Authorship verification, combining linguistic features and
             different similarity functions
                         Notebook for PAN at CLEF 2015

            Daniel Castro1, Yaritza Adame1, María Pelaez1, Rafael Muñoz2
                   Desarrollo de Aplicaciones, Tecnología y Sistemas
                                    DATYS, Cuba
       {daniel.castro, yaritza.adame, maria.pelaez}@datys.cu
                  Departamento de Lenguajes y Sistemas Informáticos
                           Universidad de Alicante, España

       Abstract. Authorship analysis is an important task for different text
       applications, for example in the field of digital forensic text analysis. Hence, we
       propose an authorship analysis method that compares the average similarity of a
       text of unknown authorship with all the texts of an author. Using this idea, a text
       that was not written by an author, would not exceed the average of similarity
       with known texts and a text of unknown authorship would be considered as
       written by the author, only if it exceeds the average of similarity obtained
       between texts written by him and if it got the major value comparing the
       average similarity with the rest of the authors. For each linguistic feature we
       obtain a vote by majority using different functions and for the final decision we
       divide the number of votes for each feature that consider as written by the
       author the unknown text by the total of features analyzed. The results obtained
       for each language in the PAN 2015 authorship verification competition are
       exposed in the overview of the task.

       Keywords: Authorship detection, Author identification, similarity measures,
       linguistic features.

1      Authorship analysis
To determine the true author of a document has been a task of social interest from the
moment it was possible to attribute the authorship of words. Questions about the
authorship of a document may be of interest not only to specialists in the field
(forensics specialist, linguistics researchers, etc.), but also in a much more convenient
sense for politicians, journalists, lawyers.
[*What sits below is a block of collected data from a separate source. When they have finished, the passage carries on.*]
lemma exp_decay_bound_imp_ereal_bounds:
  fixes e \<beta> :: "real \<Rightarrow> real"
  assumes "\<alpha> > 0"
    and bound: "\<And>r. (\<And>t. t \<ge> 0 \<Longrightarrow> \<beta> t \<le> r) \<Longrightarrow> \<exists>c0. \<forall>t\<ge>0. e t \<le> c0 * exp (- \<alpha> * t) + r"
  defines "\<rho> \<equiv> SUP t\<in>{0..}. ereal (\<beta> t)"
  shows "(\<exists>c0. \<forall>t\<ge>0. ereal (e t) \<le> ereal (c0 * exp (- \<alpha> * t)) + \<rho>)
    \<and> Limsup at_top (\<lambda>t. ereal (e t)) \<le> \<rho>"
proof -
  have \<beta>_le: "ereal (\<beta> t) \<le> \<rho>" if "t \<ge> 0" for t
    unfolding \<rho>_def using that by (intro SUP_upper) auto
  show ?thesis
  proof (cases \<rho>)
    case (real r)
    then obtain c0 where c0: "\<And>t. t \<ge> 0 \<Longrightarrow> e t \<le> c0 * exp (- \<alpha> * t) + r"
      using bound[of r] \<beta>_le by force
    have "filterlim (\<lambda>t. - \<alpha> * t) at_bot at_top"
      using \<open>\<alpha> > 0\<close> by (intro filterlim_tendsto_neg_mult_at_bot[OF tendsto_const _ filterlim_ident]) auto
    then have "((\<lambda>t. exp (- \<alpha> * t)) \<longlongrightarrow> 0) at_top"
      by (rule filterlim_compose[OF exp_at_bot])
    then have "((\<lambda>t. ereal (c0 * exp (- \<alpha> * t) + r)) \<longlongrightarrow> ereal (c0 * 0 + r)) at_top"
      by (intro tendsto_ereal tendsto_add tendsto_mult tendsto_const)
    then have "Limsup at_top (\<lambda>t. ereal (c0 * exp (- \<alpha> * t) + r)) = ereal r"
      by (intro lim_imp_Limsup) auto
    moreover have "Limsup at_top (\<lambda>t. ereal (e t)) \<le> Limsup at_top (\<lambda>t. ereal (c0 * exp (- \<alpha> * t) + r))"
      using c0 by (intro Limsup_mono eventually_mono[OF eventually_ge_at_top[of 0]]) auto
    ultimately show ?thesis using c0 real by auto
  next
    case PInf
    then show ?thesis by simp
  next
    case MInf
    then show ?thesis using \<beta>_le[of 0] by simp
  qed
qed
(* Suppose the random walk $R$ is irreducible, aperiodic, positive recurrent and has negative drift. Let $\mu(n)=\mu_0+\sum_{i=1}^M\mu_i n_i$ with $\mu_0\ge1$ and $\mu_1,\dots,\mu_M\ge0$. Define $\mu^*=\max_{i=0,\dots,M}\mu_i$, $$v_i=\frac{-\mu^*}{\sup_{n\in S:\,i\in I(n)}\{s^+_i(n)-s^-_i(n)\}}\ (i=1,\dots,M),\qquad V(n)=\sum_{i=1}^M v_i n_i^2,$$ $$b=\mu_0+\sum_{i=1}^M v_i,\qquad B=\Big\{n\in S:\ n_i\le\frac{\mu_0+\sum_{l=1}^M v_l}{\mu^*}\ \ \forall i=1,\dots,M\Big\}.$$ Then $0\le v_i<\infty$, $V:S\to[0,\infty)$, $B$ is finite, and for all $n\in S$, $$\sum_{u\in N_{c(n)}}p_{c(n),u}V(n+u)-V(n)\le-\mu(n)+b\,\mathbf 1_B(n),$$ i.e. $R$ is $\mu$-ergodic.
   Context: Let $M\ge 1$ and $S=\{0,1,2,\dots\}^M$. For $n\in S$ let $N(n)=\{u\in\{-1,0,1\}^M: n+u\in S\}$. A partition $C=\{C_k\}_{k\in K}$ ($K$ finite) of $S$ is a family of pairwise disjoint sets covering $S$ such that $N(n)=N(n')$ whenever $n,n'$ lie in the same $C_k$; write $N_k$ for this common set and $c(n)$ for the index $k$ with $n\in C_k$. The random walk $R$ is a discrete-time Markov chain on $S$ with transition probabilities $P(n,n+u)=p_{c(n),u}\ge0$ for $u\in N_{c(n)}$, $P(n,m)=0$ if $m-n\notin N_{c(n)}$, and $\sum_{u\in N_k}p_{k,u}=1$ for every $k$. For $n\in S$, $I(n)=\{i\in\{1,\dots,M\}: n_i>0\}$, $s^+_i(n)=\sum_{u\in N_{c(n)}:u_i=1}p_{c(n),u}$ and $s^-_i(n)=\sum_{u\in N_{c(n)}:u_i=-1}p_{c(n),u}$. $R$ has negative drift if $\sup_{n\in S,\,i\in I(n)}\{s^+_i(n)-s^-_i(n)\}<0$. *)

theory Defs
  imports Complex_Main "HOL-Library.Function_Algebras" "HOL-Library.Indicator_Function"
begin

text \<open>Coordinates are indexed 0..M-1 (the paper uses 1..M). States are functions
  nat \<Rightarrow> int vanishing at indices \<ge> M, with nonnegative coordinates below M.\<close>

definition St :: "nat \<Rightarrow> (nat \<Rightarrow> int) set" where
  "St M = {n. (\<forall>i<M. 0 \<le> n i) \<and> (\<forall>i. M \<le> i \<longrightarrow> n i = 0)}"

definition Nb :: "nat \<Rightarrow> (nat \<Rightarrow> int) \<Rightarrow> (nat \<Rightarrow> int) set" where
  "Nb M n = {u. (\<forall>i<M. u i \<in> {-1,0,1}) \<and> (\<forall>i. M \<le> i \<longrightarrow> u i = 0) \<and> n + u \<in> St M}"

text \<open>Partition with finite index set K, given by the class map c, such that
  N is constant on each class; p k u are the step probabilities of class k.\<close>
definition is_partition_rw ::
  "nat \<Rightarrow> 'k set \<Rightarrow> ((nat \<Rightarrow> int) \<Rightarrow> 'k) \<Rightarrow> ('k \<Rightarrow> (nat \<Rightarrow> int) \<Rightarrow> real) \<Rightarrow> bool" where
  "is_partition_rw M K c p \<longleftrightarrow>
     finite K \<and> c ` St M \<subseteq> K \<and>
     (\<forall>n\<in>St M. \<forall>n'\<in>St M. c n = c n' \<longrightarrow> Nb M n = Nb M n') \<and>
     (\<forall>n\<in>St M. (\<forall>u\<in>Nb M n. 0 \<le> p (c n) u) \<and> (\<Sum>u\<in>Nb M n. p (c n) u) = 1)"

definition trans_prob :: "nat \<Rightarrow> ((nat \<Rightarrow> int) \<Rightarrow> 'k) \<Rightarrow> ('k \<Rightarrow> (nat \<Rightarrow> int) \<Rightarrow> real)
    \<Rightarrow> (nat \<Rightarrow> int) \<Rightarrow> (nat \<Rightarrow> int) \<Rightarrow> real" where
  "trans_prob M c p n m = (if m - n \<in> Nb M n then p (c n) (m - n) else 0)"

primrec nstep :: "nat \<Rightarrow> ((nat \<Rightarrow> int) \<Rightarrow> 'k) \<Rightarrow> ('k \<Rightarrow> (nat \<Rightarrow> int) \<Rightarrow> real)
    \<Rightarrow> nat \<Rightarrow> (nat \<Rightarrow> int) \<Rightarrow> (nat \<Rightarrow> int) \<Rightarrow> real" where
  "nstep M c p 0 n m = (if n = m then 1 else 0)"
| "nstep M c p (Suc k) n m = (\<Sum>u\<in>Nb M n. p (c n) u * nstep M c p k (n + u) m)"

primrec fpass :: "nat \<Rightarrow> ((nat \<Rightarrow> int) \<Rightarrow> 'k) \<Rightarrow> ('k \<Rightarrow> (nat \<Rightarrow> int) \<Rightarrow> real)
    \<Rightarrow> nat \<Rightarrow> (nat \<Rightarrow> int) \<Rightarrow> (nat \<Rightarrow> int) \<Rightarrow> real" where
  "fpass M c p 0 n m = 0"
| "fpass M c p (Suc k) n m =
     (if k = 0 then trans_prob M c p n m
      else (\<Sum>u\<in>Nb M n. if n + u = m then 0 else p (c n) u * fpass M c p k (n + u) m))"

definition irreducible_rw where
  "irreducible_rw M c p \<longleftrightarrow> (\<forall>n\<in>St M. \<forall>m\<in>St M. \<exists>k. nstep M c p k n m > 0)"

definition aperiodic_rw where
  "aperiodic_rw M c p \<longleftrightarrow> (\<forall>n\<in>St M. Gcd {k. 0 < k \<and> nstep M c p k n n > 0} = 1)"

definition pos_recurrent_rw where
  "pos_recurrent_rw M c p \<longleftrightarrow>
     (\<forall>n\<in>St M. (\<lambda>k. fpass M c p k n n) sums 1 \<and> summable (\<lambda>k. real k * fpass M c p k n n))"

definition Iset :: "nat \<Rightarrow> (nat \<Rightarrow> int) \<Rightarrow> nat set" where
  "Iset M n = {i. i < M \<and> 0 < n i}"

definition splus where
  "splus M c p i n = (\<Sum>u\<in>{u\<in>Nb M n. u i = 1}. p (c n) u)"

definition sminus where
  "sminus M c p i n = (\<Sum>u\<in>{u\<in>Nb M n. u i = -1}. p (c n) u)"

definition drift_i where
  "drift_i M c p i = Sup {splus M c p i n - sminus M c p i n | n. n \<in> St M \<and> i \<in> Iset M n}"

definition negative_drift where
  "negative_drift M c p \<longleftrightarrow>
     Sup {splus M c p i n - sminus M c p i n | n i. n \<in> St M \<and> i \<in> Iset M n} < 0"

end

theory Submission
  imports Defs "HOL-Library.FuncSet"
begin

text \<open>One step changes \<open>n\<^sub>i\<^sup>2\<close> by \<open>2 n\<^sub>i u\<^sub>i + u\<^sub>i\<^sup>2\<close>, whose expectation is at most
  \<open>2 n\<^sub>i d\<^sub>i + 1\<close> with \<open>d\<^sub>i < 0\<close> the drift bound of coordinate \<open>i\<close>. The weights
  \<open>v\<^sub>i = -\<mu>*/d\<^sub>i\<close> turn this into \<open>v\<^sub>i - 2\<mu>* n\<^sub>i\<close>, so the expected change of \<open>V\<close> is at most
  \<open>\<Sum>v\<^sub>i - 2\<mu>*|n|\<close>. Since \<open>\<mu>(n) \<le> \<mu>\<^sub>0 + \<mu>*|n|\<close>, this is below \<open>-\<mu>(n)\<close> as soon as
  \<open>\<mu>*|n| \<ge> b\<close>, which holds outside the box \<open>B\<close>.\<close>

lemma finite_bounded_support:
  assumes "finite A"
  shows "finite {f :: nat \<Rightarrow> int. (\<forall>i<M. f i \<in> A) \<and> (\<forall>i. M \<le> i \<longrightarrow> f i = 0)}"
proof -
  have "{f :: nat \<Rightarrow> int. (\<forall>i<M. f i \<in> A) \<and> (\<forall>i. M \<le> i \<longrightarrow> f i = 0)}
     \<subseteq> (\<lambda>g i. if i < M then g i else 0) ` PiE {..<M} (\<lambda>_. A)"
  proof
    fix f :: "nat \<Rightarrow> int"
    assume f: "f \<in> {f. (\<forall>i<M. f i \<in> A) \<and> (\<forall>i. M \<le> i \<longrightarrow> f i = 0)}"
    then have "f = (\<lambda>i. if i < M then restrict f {..<M} i else 0)"
      by (auto simp: fun_eq_iff)
    moreover have "restrict f {..<M} \<in> PiE {..<M} (\<lambda>_. A)"
      using f by auto
    ultimately show "f \<in> (\<lambda>g i. if i < M then g i else 0) ` PiE {..<M} (\<lambda>_. A)"
      by blast
  qed
  moreover have "finite (PiE {..<M} (\<lambda>_. A))"
    using assms by (simp add: finite_PiE)
  ultimately show ?thesis
    using finite_subset by blast
qed

lemma finite_Nb: "finite (Nb M n)"
proof -
  have "Nb M n \<subseteq> {f. (\<forall>i<M. f i \<in> {-1, 0, 1}) \<and> (\<forall>i. M \<le> i \<longrightarrow> f i = 0)}"
    unfolding Nb_def by auto
  then show ?thesis
    using finite_bounded_support[of "{-1, 0, 1}" M] finite_subset by blast
qed

lemma sum_mult_unit_step:
  assumes "finite N" "\<forall>u\<in>N. u i \<in> {-1, 0, 1 :: int}"
  shows "(\<Sum>u\<in>N. P u * real_of_int (u i))
    = (\<Sum>u\<in>{u\<in>N. u i = 1}. P u) - (\<Sum>u\<in>{u\<in>N. u i = -1}. P u)"
proof -
  have "(\<Sum>u\<in>N. P u * real_of_int (u i))
      = (\<Sum>u\<in>N. (if u i = 1 then P u else 0) - (if u i = -1 then P u else 0))"
    by (rule sum.cong) (use assms in auto)
  also have "\<dots> = (\<Sum>u\<in>{u\<in>N. u i = 1}. P u) - (\<Sum>u\<in>{u\<in>N. u i = -1}. P u)"
    using assms(1) by (simp add: sum_subtractf sum.inter_filter)
  finally show ?thesis .
qed

lemma finite_St_box: "finite {n \<in> St M. \<forall>i<M. real_of_int (n i) \<le> r}"
proof -
  have "{n \<in> St M. \<forall>i<M. real_of_int (n i) \<le> r}
      \<subseteq> {f. (\<forall>i<M. f i \<in> {0..\<lceil>r\<rceil>}) \<and> (\<forall>i. M \<le> i \<longrightarrow> f i = 0)}"
    unfolding St_def by (auto simp: le_ceiling_iff)
  then show ?thesis
    using finite_bounded_support finite_subset by blast
qed

lemma St_nonneg: "n \<in> St M \<Longrightarrow> i < M \<Longrightarrow> 0 \<le> n i"
  unfolding St_def by auto

lemma Nb_unit_step: "u \<in> Nb M n \<Longrightarrow> i < M \<Longrightarrow> u i \<in> {-1, 0, 1}"
  unfolding Nb_def by auto

lemma mean_step_eq:
  "i < M \<Longrightarrow> (\<Sum>u\<in>Nb M n. p (c n) u * real_of_int (u i)) = splus M c p i n - sminus M c p i n"
  unfolding splus_def sminus_def by (rule sum_mult_unit_step[OF finite_Nb]) (use Nb_unit_step in blast)

context
  fixes M :: nat and K :: "'k set" and c :: "(nat \<Rightarrow> int) \<Rightarrow> 'k"
    and p :: "'k \<Rightarrow> (nat \<Rightarrow> int) \<Rightarrow> real"
  assumes partition: "is_partition_rw M K c p"
begin

lemma step_prob_nonneg: "n \<in> St M \<Longrightarrow> u \<in> Nb M n \<Longrightarrow> 0 \<le> p (c n) u"
  using partition unfolding is_partition_rw_def by blast

lemma step_prob_sum: "n \<in> St M \<Longrightarrow> (\<Sum>u\<in>Nb M n. p (c n) u) = 1"
  using partition unfolding is_partition_rw_def by blast

lemma splus_minus_sminus_le_1:
  assumes "n \<in> St M"
  shows "splus M c p i n - sminus M c p i n \<le> 1"
proof -
  have "splus M c p i n \<le> (\<Sum>u\<in>Nb M n. p (c n) u)"
    unfolding splus_def by (rule sum_mono2) (use finite_Nb step_prob_nonneg assms in auto)
  moreover have "0 \<le> sminus M c p i n"
    unfolding sminus_def by (rule sum_nonneg) (use step_prob_nonneg assms in auto)
  ultimately show ?thesis
    using step_prob_sum[OF assms] by simp
qed

lemma bdd_above_drifts:
  "bdd_above {splus M c p i n - sminus M c p i n | n i. n \<in> St M \<and> i \<in> Iset M n}"
  by (rule bdd_aboveI[of _ 1]) (auto intro: splus_minus_sminus_le_1)

lemma drift_le_drift_i:
  assumes "n \<in> St M" "i \<in> Iset M n"
  shows "splus M c p i n - sminus M c p i n \<le> drift_i M c p i"
  unfolding drift_i_def
proof (rule cSup_upper)
  show "bdd_above {splus M c p i n - sminus M c p i n | n. n \<in> St M \<and> i \<in> Iset M n}"
    by (rule bdd_above_mono[OF bdd_above_drifts]) blast
qed (use assms in blast)

lemma drift_i_neg:
  assumes "negative_drift M c p" "i < M"
  shows "drift_i M c p i < 0"
proof -
  let ?e = "\<lambda>j. if j = i then 1 else 0 :: int"
  let ?D = "{splus M c p i n - sminus M c p i n | n. n \<in> St M \<and> i \<in> Iset M n}"
  let ?A = "{splus M c p i n - sminus M c p i n | n i. n \<in> St M \<and> i \<in> Iset M n}"
  have "?e \<in> St M \<and> i \<in> Iset M ?e"
    using assms(2) by (auto simp: St_def Iset_def)
  then have "?D \<noteq> {}"
    by blast
  then have "Sup ?D \<le> Sup ?A"
    by (rule cSup_subset_mono[OF _ bdd_above_drifts]) blast
  then show ?thesis
    using assms(1) unfolding negative_drift_def drift_i_def by simp
qed

lemma expected_square_increment_le:
  assumes "n \<in> St M" "i < M"
  shows "(\<Sum>u\<in>Nb M n. p (c n) u * ((real_of_int (n i + u i))\<^sup>2 - (real_of_int (n i))\<^sup>2))
    \<le> 2 * real_of_int (n i) * drift_i M c p i + 1"
proof -
  let ?P = "p (c n)" and ?m1 = "\<Sum>u\<in>Nb M n. p (c n) u * real_of_int (u i)"
  have expand: "(\<Sum>u\<in>Nb M n. ?P u * ((real_of_int (n i + u i))\<^sup>2 - (real_of_int (n i))\<^sup>2))
      = 2 * real_of_int (n i) * ?m1 + (\<Sum>u\<in>Nb M n. ?P u * (real_of_int (u i))\<^sup>2)"
    by (simp add: sum_distrib_left sum.distrib[symmetric] power2_eq_square algebra_simps)
  have "(\<Sum>u\<in>Nb M n. ?P u * (real_of_int (u i))\<^sup>2) \<le> (\<Sum>u\<in>Nb M n. ?P u)"
  proof (rule sum_mono)
    fix u assume u: "u \<in> Nb M n"
    then have "(real_of_int (u i))\<^sup>2 \<le> 1"
      using Nb_unit_step[OF u assms(2)] by auto
    then show "?P u * (real_of_int (u i))\<^sup>2 \<le> ?P u"
      using step_prob_nonneg[OF assms(1) u] by (simp add: mult_left_le)
  qed
  then have second_moment: "(\<Sum>u\<in>Nb M n. ?P u * (real_of_int (u i))\<^sup>2) \<le> 1"
    using step_prob_sum[OF assms(1)] by simp
  have "real_of_int (n i) * ?m1 \<le> real_of_int (n i) * drift_i M c p i"
  proof (cases "n i = 0")
    case False
    then have "i \<in> Iset M n"
      using St_nonneg[OF assms] assms(2) unfolding Iset_def by simp
    then have "?m1 \<le> drift_i M c p i"
      using drift_le_drift_i[OF assms(1)] mean_step_eq[OF assms(2), where p = p and c = c and n = n] by simp
    then show ?thesis
      using St_nonneg[OF assms] by (simp add: mult_left_mono)
  qed simp
  then show ?thesis
    using expand second_moment by linarith
qed

end

lemma expected_quadratic_change:
  assumes "finite N" "(\<Sum>u\<in>N. P u) = 1"
  shows "(\<Sum>u\<in>N. P u * (\<Sum>i<M. w i * (real_of_int ((n + u) i))\<^sup>2)) - (\<Sum>i<M. w i * (real_of_int (n i))\<^sup>2)
    = (\<Sum>i<M. w i * (\<Sum>u\<in>N. P u * ((real_of_int (n i + u i))\<^sup>2 - (real_of_int (n i))\<^sup>2)))"
proof -
  let ?W = "\<Sum>i<M. w i * (real_of_int (n i))\<^sup>2"
  have "(\<Sum>u\<in>N. P u * (\<Sum>i<M. w i * (real_of_int ((n + u) i))\<^sup>2)) - ?W
      = (\<Sum>u\<in>N. P u * (\<Sum>i<M. w i * (real_of_int ((n + u) i))\<^sup>2) - P u * ?W)"
    using assms(2) by (simp add: sum_subtractf sum_distrib_right[symmetric])
  also have "\<dots> = (\<Sum>u\<in>N. \<Sum>i<M. w i * (P u * ((real_of_int (n i + u i))\<^sup>2 - (real_of_int (n i))\<^sup>2)))"
    by (rule sum.cong) (auto simp: sum_distrib_left sum_subtractf[symmetric] algebra_simps)
  also have "\<dots> = (\<Sum>i<M. w i * (\<Sum>u\<in>N. P u * ((real_of_int (n i + u i))\<^sup>2 - (real_of_int (n i))\<^sup>2)))"
    by (subst sum.swap) (simp add: sum_distrib_left)
  finally show ?thesis .
qed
Recently, with the development of statistical
techniques and because of the wide availability of accessible data from computers, the
authorship analysis automatically has become a very practical option. [5]
There are many practical examples where the authorship analysis becomes the key to
solve them. Suppose a malicious mail is sent using an email account belonging to
someone else, who subsequently is accused of this fact. Who is the author of the mail?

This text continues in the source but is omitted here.